TPArchambault edited this page Sep 3, 2023 · 32 revisions

Development resources

Various development resources.

Python GTK+ 3 with Glade

python bindings

Development Notes

Task and issue specific observations and notes.

Development Environment setup

Fedora 38 - Tested 8/15/23

The current Pipfile specifies Python3.6 which is the shipped version of Python on the supported RHEL8 platform, however developing over Python 3.6 is become more difficult due to the fact that a number of virtual environment tools and modules no longer support 3.6.

Modifying the Pipfile to specify Python3.10 eliminated a number of Python 3.6 setup dependency issues with no observed issues to this point in time. If you decide to got this route, install the following python3.10 packages:

sudo dnf install python3.10
sudo dnf install python3.10-devel

Depending on the state of your system in terms of currently installed packages, you may or may not need to install the following:

curl --proto '=https' --tlsv1.2 -sSf https://sh.rustup.rs | sh
sudo dnf install -y python-devel # python 3.11.+ is the FC38 default
sudo dnf install -y cairo cairo-devel python3-wheel pipenv gcc zlib-devel bzip2 bzip2-devel \
  readline-devel sqlite sqlite-devel openssl-devel tk-devel git python3-cairo-devel webkit2gtk4.0 \
  cairo-gobject-devel gobject-introspection-devel dbus-devel audit-libs-devel clang gtksourceview3 Xvfb

Fedora 34 through 37

The following was current with the state of the github repo at the time of its writing. These instructions have not been recently tested with the current repo and as such should be considered as a rough guideline. For instance, one recent feature, the embedded help system, has a dependency on the webkit2gtk4.0 package that is not in the following dnf install package list instructions. It was omitted since its availability and/or compatibility with other packages on the target platforms has not been verified.
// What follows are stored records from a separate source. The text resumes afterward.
theorem theorem3p2:
  shows "(\<forall>n k p. n > 0 \<and> k > 0 \<and> prob_vec k p \<longrightarrow>
            psi1_norm n k p (\<lambda>x. 2 * real n * V_stat n k p x) \<le> 4 * (real k - 1) \<and>
            psi1_norm n k p (\<lambda>x. 2 * real n * V_stat n k p x
                 - mult_expect n k p (\<lambda>y. 2 * real n * V_stat n k p y)) \<le> 8 * (real k - 1))
       \<and> (\<exists>C1 C2. C1 > 0 \<and> C2 > 0 \<and>
            (\<forall>n k p (m::real). n > 0 \<and> k > 0 \<and> prob_vec k p \<and> m \<ge> 1 \<longrightarrow>
               mult_expect n k p (\<lambda>x. (2 * real n * V_stat n k p x) powr m)
                 \<le> (C1 * m * (real k - 1)) powr m \<and>
               mult_expect n k p (\<lambda>x. \<bar>2 * real n * V_stat n k p x
                 - mult_expect n k p (\<lambda>y. 2 * real n * V_stat n k p y)\<bar> powr m)
                 \<le> (C2 * m * (real k - 1)) powr m))"
  using psi1_norm_two_n_V_stat_le moments_two_n_V_stat_le
  by (intro conjI exI[of _ 4] exI[of _ 8]) auto

end
lemma sum_paths_ending_at:
  assumes fin: "finite S" and x0: "x0 \<in> S" and y: "y \<in> S"
  shows "(\<Sum>ss\<in>Pi\<^sub>E {..<N} (\<lambda>i. S \<inter> E i).
            (\<Prod>i<N. P i (if i = 0 then x0 else ss (i - 1)) (ss i))
            * (if path_end x0 N ss = y then 1 else 0))
         = path_weight S P E x0 N y"
  using y
proof (induction N arbitrary: y)
  case 0
  then show ?case by (simp add: path_end_def)
next
  case (Suc N)
  define F where "F = (\<lambda>i. S \<inter> E i)"
  define w where "w ss = (\<Prod>i<N. P i (if i = 0 then x0 else ss (i - 1)) (ss i))" for ss
  have w_Suc: "(\<Prod>i<Suc N. P i (if i = 0 then x0 else (g(N := u)) (i - 1)) ((g(N := u)) i))
      = w g * P N (path_end x0 N g) u" for g u
  proof -
    have "(\<Prod>i<N. P i (if i = 0 then x0 else (g(N := u)) (i - 1)) ((g(N := u)) i)) = w g"
      unfolding w_def by (intro prod.cong refl) auto
    then show ?thesis by (cases N) (simp_all add: path_end_def)
  qed
  have "(\<Sum>ss\<in>Pi\<^sub>E {..<Suc N} F. (\<Prod>i<Suc N. P i (if i = 0 then x0 else ss (i - 1)) (ss i))
          * (if path_end x0 (Suc N) ss = y then 1 else 0))
      = (\<Sum>(u, g)\<in>F N \<times> Pi\<^sub>E {..<N} F. w g * P N (path_end x0 N g) u * (if u = y then 1 else 0))"
    unfolding sum_PiE_lessThan_Suc
    by (intro sum.cong refl) (clarsimp simp only: case_prod_conv w_Suc, simp add: path_end_def)
  also have "\<dots> = (\<Sum>u\<in>F N. if u = y then (\<Sum>g\<in>Pi\<^sub>E {..<N} F. w g * P N (path_end x0 N g) y) else 0)"
    unfolding sum.cartesian_product[symmetric]
    by (intro sum.cong refl) (auto simp: sum_distrib_right[symmetric])
  also have "\<dots> = (if y \<in> E N then (\<Sum>g\<in>Pi\<^sub>E {..<N} F. w g * P N (path_end x0 N g) y) else 0)"
    using fin Suc.prems unfolding F_def by simp
  also have "\<dots> = path_weight S P E x0 (Suc N) y"
  proof -
    have "(\<Sum>x\<in>S. path_weight S P E x0 N x * P N x y)
        = (\<Sum>x\<in>S. (\<Sum>g\<in>Pi\<^sub>E {..<N} F. w g * (if path_end x0 N g = x then 1 else 0)) * P N x y)"
      using Suc.IH unfolding w_def F_def by simp
    also have "\<dots> = (\<Sum>g\<in>Pi\<^sub>E {..<N} F. \<Sum>x\<in>S. w g * (if path_end x0 N g = x then P N x y else 0))"
      unfolding sum_distrib_right by (subst sum.swap) (intro sum.cong refl, simp)
    also have "\<dots> = (\<Sum>g\<in>Pi\<^sub>E {..<N} F. w g * P N (path_end x0 N g) y)"
      using fin path_end_in[OF x0] unfolding F_def
      by (intro sum.cong refl) (simp add: sum_distrib_left[symmetric])
    finally show ?thesis by simp
  qed
  finally show ?case unfolding F_def .
qed

lemma sum_paths_eq_path_weight:
  assumes fin: "finite S" and x0: "x0 \<in> S"
  shows "(\<Sum>ss\<in>Pi\<^sub>E {..<N} (\<lambda>i. S \<inter> E i). \<Prod>i<N. P i (if i = 0 then x0 else ss (i - 1)) (ss i))
         = (\<Sum>y\<in>S. path_weight S P E x0 N y)"
proof -
  have "(\<Sum>y\<in>S. path_weight S P E x0 N y) = (\<Sum>y\<in>S. \<Sum>ss\<in>Pi\<^sub>E {..<N} (\<lambda>i. S \<inter> E i).
            (\<Prod>i<N. P i (if i = 0 then x0 else ss (i - 1)) (ss i))
            * (if path_end x0 N ss = y then 1 else 0))"
    using sum_paths_ending_at[OF fin x0] by simp
  also have "\<dots> = (\<Sum>ss\<in>Pi\<^sub>E {..<N} (\<lambda>i. S \<inter> E i). \<Prod>i<N. P i (if i = 0 then x0 else ss (i - 1)) (ss i))"
    using fin path_end_in[OF x0]
    by (subst sum.swap) (intro sum.cong refl, simp add: sum_distrib_left[symmetric])
  finally show ?thesis ..
qed

lemma path_weight_lumped:
  fixes \<zeta> :: "'a \<Rightarrow> 'c::finite"
  assumes fin: "finite S" and x0: "x0 \<in> S"
    and lump: "\<And>k. lumps_to_product S (P k) \<phi> \<zeta> (PV k) (PZ k)"
    and v: "v \<in> \<phi> ` S"
  shows "(\<Sum>y\<in>{y\<in>S. \<phi> y = v \<and> \<zeta> y = z}. path_weight S P (\<lambda>k. {y. \<phi> y \<in> A k \<and> \<zeta> y \<in> C k}) x0 N y)
       = path_weight (\<phi> ` S) PV A (\<phi> x0) N v * path_weight UNIV PZ C (\<zeta> x0) N z"
  using v
proof (induction N arbitrary: v z)
  case 0
  then show ?case using fin x0 by simp
next
  case (Suc N)
  define E where "E = (\<lambda>k. {y. \<phi> y \<in> A k \<and> \<zeta> y \<in> C k})"
  define H where "H = path_weight S P E x0 N"
  define HV where "HV = path_weight (\<phi> ` S) PV A (\<phi> x0) N"
  define HZ where "HZ = path_weight UNIV PZ C (\<zeta> x0) N"
  define F where "F v z = {y\<in>S. \<phi> y = v \<and> \<zeta> y = z}" for v z
  have "(\<Sum>y\<in>F v z. path_weight S P E x0 (Suc N) y)
      = (if v \<in> A N \<and> z \<in> C N then (\<Sum>x\<in>S. H x * (\<Sum>y\<in>F v z. P N x y)) else 0)"
    unfolding F_def E_def H_def
    by (cases "v \<in> A N \<and> z \<in> C N") (auto simp: sum_distrib_left sum.swap[of _ S])
  also have "(\<Sum>x\<in>S. H x * (\<Sum>y\<in>F v z. P N x y)) = (\<Sum>x\<in>S. H x * (PV N (\<phi> x) v * PZ N (\<zeta> x) z))"
    using lump[of N] Suc.prems unfolding F_def lumps_to_product_def
    by (intro sum.cong refl arg_cong[where f = "\<lambda>s. _ * s"]) blast
  also have "\<dots> = (\<Sum>v'\<in>\<phi> ` S. \<Sum>z'\<in>UNIV. (\<Sum>x\<in>F v' z'. H x) * (PV N v' v * PZ N z' z))"
    unfolding F_def by (subst sum_by_fibres[OF fin, where \<phi> = \<phi> and \<zeta> = \<zeta>])
      (auto simp: sum_distrib_right intro!: sum.cong)
  also have "\<dots> = (\<Sum>v'\<in>\<phi> ` S. \<Sum>z'\<in>UNIV. (HV v' * HZ z') * (PV N v' v * PZ N z' z))"
    using Suc.IH unfolding F_def H_def HV_def HZ_def E_def by (intro sum.cong refl) auto
  also have "\<dots> = (\<Sum>v'\<in>\<phi> ` S. HV v' * PV N v' v) * (\<Sum>z'\<in>UNIV. HZ z' * PZ N z' z)"
    unfolding sum_product by (intro sum.cong refl) (simp only: ac_simps)
  finally show ?case
    unfolding F_def E_def HV_def HZ_def by simp
qed

lemma sum_path_weight_lumped:
  fixes \<zeta> :: "'a \<Rightarrow> 'c::finite"
  assumes fin: "finite S" and x0: "x0 \<in> S"
    and lump: "\<And>k. lumps_to_product S (P k) \<phi> \<zeta> (PV k) (PZ k)"
  shows "(\<Sum>y\<in>S. path_weight S P (\<lambda>k. {y. \<phi> y \<in> A k \<and> \<zeta> y \<in> C k}) x0 N y)
       = (\<Sum>v\<in>\<phi> ` S. path_weight (\<phi> ` S) PV A (\<phi> x0) N v)
         * (\<Sum>z\<in>UNIV. path_weight UNIV PZ C (\<zeta> x0) N z)"
  by (subst sum_by_fibres[OF fin, where \<phi> = \<phi> and \<zeta> = \<zeta>])
     (simp add: path_weight_lumped[OF fin x0 lump] sum_product)

section \<open>Right-locally-constant paths\<close>

definition right_locally_constant :: "(real \<Rightarrow> 'a) \<Rightarrow> bool" where
  "right_locally_constant p \<longleftrightarrow> (\<forall>\<tau>\<ge>0. \<exists>\<delta>>0. \<forall>u. \<tau> \<le> u \<and> u < \<tau> + \<delta> \<longrightarrow> p u = p \<tau>)"

lemma right_locally_constant_comp:
  "right_locally_constant p \<Longrightarrow> right_locally_constant (\<lambda>\<tau>. f (p \<tau>))"
  unfolding right_locally_constant_def by metis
Depending on the state of your system in terms of currently installed packages, you may or may not need to install the following:

curl --proto '=https' --tlsv1.2 -sSf https://sh.rustup.rs | sh
sudo dnf install -y python-devel # python 3.9.+ is the default
sudo dnf install -y cairo cairo-devel python3-wheel gcc zlib-devel bzip2 bzip2-devel \
  readline-devel sqlite sqlite-devel openssl-devel tk-devel git python3-cairo-devel \
  cairo-gobject-devel gobject-introspection-devel dbus-devel audit-libs-devel clang gtksourceview3 Xvfb
pip install pipenv --user  # If your system Python version is >=3.7 see the note below.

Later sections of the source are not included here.